The other option would be to dynamically fetch the images right after Google's API returns the search results. However where/how I fetch the images is another question.
Would there be a low cost way of me generating the images myself? Or would the best solution be to use some sort of site thumbnailing service that does this for me? Would this be fast enough? Would it be too expensive? Would the service provide the image in the correct size for me? If not, how could I change the size of the image?
I'd really appreciate answers that are comprehensive and for any code examples to be in ruby using rails.
So as you pointed out in your question, there are two approaches that I can see to your issue:
Use an external service to render and host the images.
Render and host the images yourself.
I'm no expert in field, but my Googling has so far only returned services that allow you to generate thumbnails and not full-size screenshots (like the few mentioned here). If there are hosted services out there that will do this for you, I wasn't able to find them easily.
So, that leaves #2. For this, my first instinct was to look for a ruby library that could generate an image from a webpage, which quickly led me to IMGKit (there may be others, but this one looked clean and simple). With this library, you can easily pass in a URL and it will use the webkit engine to generate a screenshot of the page for you. From there, I would save it to wherever your assets are stored (like Amazon S3) using a file attachment gem like Paperclip or CarrierWave (railscast). Store your attachment with a field recording the original URL you passed to IMGKit from WSAPI (Web Search API) so that you can compare against it on subsequent searches and use the cached version instead of re-rendering the preview. You can also use the created_at field for your attachment model to throw in some "if older than x days, refresh the image" type logic. Lastly, I'd put this all in a background job using something like resque (railscast) so that the user isn't blocked when waiting for screenshots to render. Pass the array of returned URLs from WSAPI to background workers in resque that will generate the images via IMGKit--saving them to S3 via paperclip/carrierwave, basically. All of these projects are well-documented, and the Railscasts will walk you through the basics of the resque and carrierwave gems.
I haven't crunched the numbers, but you can against hosting the images yourself on S3 versus any other external provider of web thumbnail generation. Of course, doing it yourself gives you full control over how the image looks (quality, format, etc.), whereas most of the services I've come across only offer a small thumbnail, so there's something to be said for that. If you don't cache the images from previous searches, then your costs reduces even further, since you'll always be rendering the images on the fly. However I suspect that this won't scale very well, as you may end up paying a lot more for server power (for IMGKit and image processing) and bandwidth (for external requests to fetch the source HTML for IMGKit). I'd be sure to include some metrics in your project to attach some exact numbers to the kind of requests you're dealing with to help determine what the subsequent costs would be.
Anywho, that would be my high-level approach. I hope it helps some.
Screen shotting web pages reliably is extremely hard to pull off. The main problem is that all the current solutions (khtml2png, CutyCapt, Phantom.js etc) are all based around QT which provides access to an embedded Webkit library.

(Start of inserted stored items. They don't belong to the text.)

(* Let $\{X_t\}$ be a Geo-INAR(1) process with $\mu>0$ and $\alpha\in(0,\mu/(1+\mu))$, and let $\mu_\varepsilon=(1-\alpha)\mu$, $\sigma_\varepsilon^2=\mu_\varepsilon(1+\mu_\varepsilon)$. Then: (i) The one-step transition probabilities $p_{ij}=P(X_t=j\mid X_{t-1}=i)$ are, for all $j\ge0$, $p_{0j}=p_\varepsilon(j)$ and, for $i\ge1$, $$p_{ij}=p_\varepsilon(j)\Big[\pi_\star^{i}+\sum_{m=1}^{j}\sum_{l=1}^{m}\Big(1+\frac{1}{\mu_\varepsilon}\Big)^{m}A_l^i(\pi_\star)B_l^m(p)\Big],$$ where $p_\varepsilon(j)=\frac{\mu_\varepsilon^j}{(1+\mu_\varepsilon)^{j+1}}$, $\pi_\star=1-\frac{\alpha}{1+\mu_\varepsilon}$, $p=\frac{\mu_\varepsilon-\alpha}{1+\mu_\varepsilon-\alpha}$, $A_l^i(\pi_\star)=\binom{i+l-1}{l}\pi_\star^i(1-\pi_\star)^l$ and $B_l^m(p)=\binom{m-1}{l-1}p^{m-l}(1-p)^l$. (ii) $E(X_{t+1}\mid X_t)=\alpha X_t+(1-\alpha)\mu$. (iii) $\mathrm{Var}(X_{t+1}\mid X_t)=(1+2\mu)(1-\alpha)\alpha X_t+\sigma_\varepsilon^2$. (iv) $\mathrm{corr}(X_{t+h},X_t)=\alpha^h$ for all $h\in\mathbb N$.
   Context: Geo-INAR(1) process: fix $\mu>0$, $\alpha\in(0,1)$, $\mu_\varepsilon=(1-\alpha)\mu$, $\pi=1-\alpha/\mu_\varepsilon$. Let $\{\varepsilon_t\}$ be i.i.d. $\mathrm{Geo}(\mu_\varepsilon)$ and, for each $t$, let $\{G_{t,i}\}_{i\ge1}$ be i.i.d. $\mathrm{ZMG}(\pi,\mu_\varepsilon)$, all mutually independent. The process satisfies $X_t=\sum_{i=1}^{X_{t-1}}G_{t,i}+\varepsilon_t$, $\varepsilon_t$ independent of $X_{t-h}$ for $h\ge1$, and $X_t\sim\mathrm{Geo}(\mu)$ for all $t$. $\mathrm{Geo}(m)$ has $P(k)=\frac{m^k}{(1+m)^{k+1}}$; $\mathrm{ZMG}(\pi,m)$ has $P(0)=\pi+\frac{1-\pi}{1+m}$, $P(k)=(1-\pi)\frac{m^k}{(1+m)^{k+1}}$, $k\ge1$. *)

theory Defs
  imports "HOL-Probability.Probability"
begin

definition geo_prob :: "real \<Rightarrow> nat \<Rightarrow> real" where
  "geo_prob m k = m ^ k / (1 + m) ^ (k + 1)"

definition zmg_prob :: "real \<Rightarrow> real \<Rightarrow> nat \<Rightarrow> real" where
  "zmg_prob q m k = (if k = 0 then q + (1 - q) / (1 + m)
                      else (1 - q) * m ^ k / (1 + m) ^ (k + 1))"

text \<open>Index type for the independent building blocks of the process:
  the initial value X_0, the innovations eps_t and the counting series G_{t,i}.\<close>
datatype inar_idx = Init | Eps nat | Thin nat nat

definition inar_vars ::
  "(nat \<Rightarrow> 'a \<Rightarrow> nat) \<Rightarrow> (nat \<Rightarrow> 'a \<Rightarrow> nat) \<Rightarrow> (nat \<Rightarrow> nat \<Rightarrow> 'a \<Rightarrow> nat) \<Rightarrow> inar_idx \<Rightarrow> 'a \<Rightarrow> nat" where
  "inar_vars X eps G k = (case k of Init \<Rightarrow> X 0 | Eps t \<Rightarrow> eps t | Thin t i \<Rightarrow> G t i)"

definition inar_index_set :: "inar_idx set" where
  "inar_index_set = {Init} \<union> {Eps t | t. t \<ge> 1} \<union> {Thin t i | t i. t \<ge> 1 \<and> i \<ge> 1}"

definition cond_expect_at :: "'a measure \<Rightarrow> ('a \<Rightarrow> real) \<Rightarrow> ('a \<Rightarrow> nat) \<Rightarrow> nat \<Rightarrow> real" where
  "cond_expect_at M Y X i =
     (\<integral>\<omega>. Y \<omega> * indicator {\<omega>\<in>space M. X \<omega> = i} \<omega> \<partial>M) / measure M {\<omega>\<in>space M. X \<omega> = i}"

definition cond_var_at :: "'a measure \<Rightarrow> ('a \<Rightarrow> real) \<Rightarrow> ('a \<Rightarrow> nat) \<Rightarrow> nat \<Rightarrow> real" where
  "cond_var_at M Y X i = cond_expect_at M (\<lambda>\<omega>. (Y \<omega> - cond_expect_at M Y X i)\<^sup>2) X i"

definition covariance :: "'a measure \<Rightarrow> ('a \<Rightarrow> real) \<Rightarrow> ('a \<Rightarrow> real) \<Rightarrow> real" where
  "covariance M Y Z = (\<integral>\<omega>. (Y \<omega> - (\<integral>x. Y x \<partial>M)) * (Z \<omega> - (\<integral>x. Z x \<partial>M)) \<partial>M)"

definition correlation :: "'a measure \<Rightarrow> ('a \<Rightarrow> real) \<Rightarrow> ('a \<Rightarrow> real) \<Rightarrow> real" where
  "correlation M Y Z = covariance M Y Z / sqrt (covariance M Y Y * covariance M Z Z)"

end

theory Submission
  imports Defs
begin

However that webkit build is quite old and with HTML5 and CSS3, most of the effects either don't show, or render incorrectly.
One of my colleagues has used most, if not all, of the current technologies for generating screenshots of web pages for one of his personal projects. He has written an informative post about it here about how he now uses a SaaS solution instead of trying to maintain a solution himself.
The TLDR version; he now uses URL2PNG to do all his thumbnail and full size screenshots. It isn't free, but he says that it does the job for him. If you don't want to use them, they have a list of their competitors here.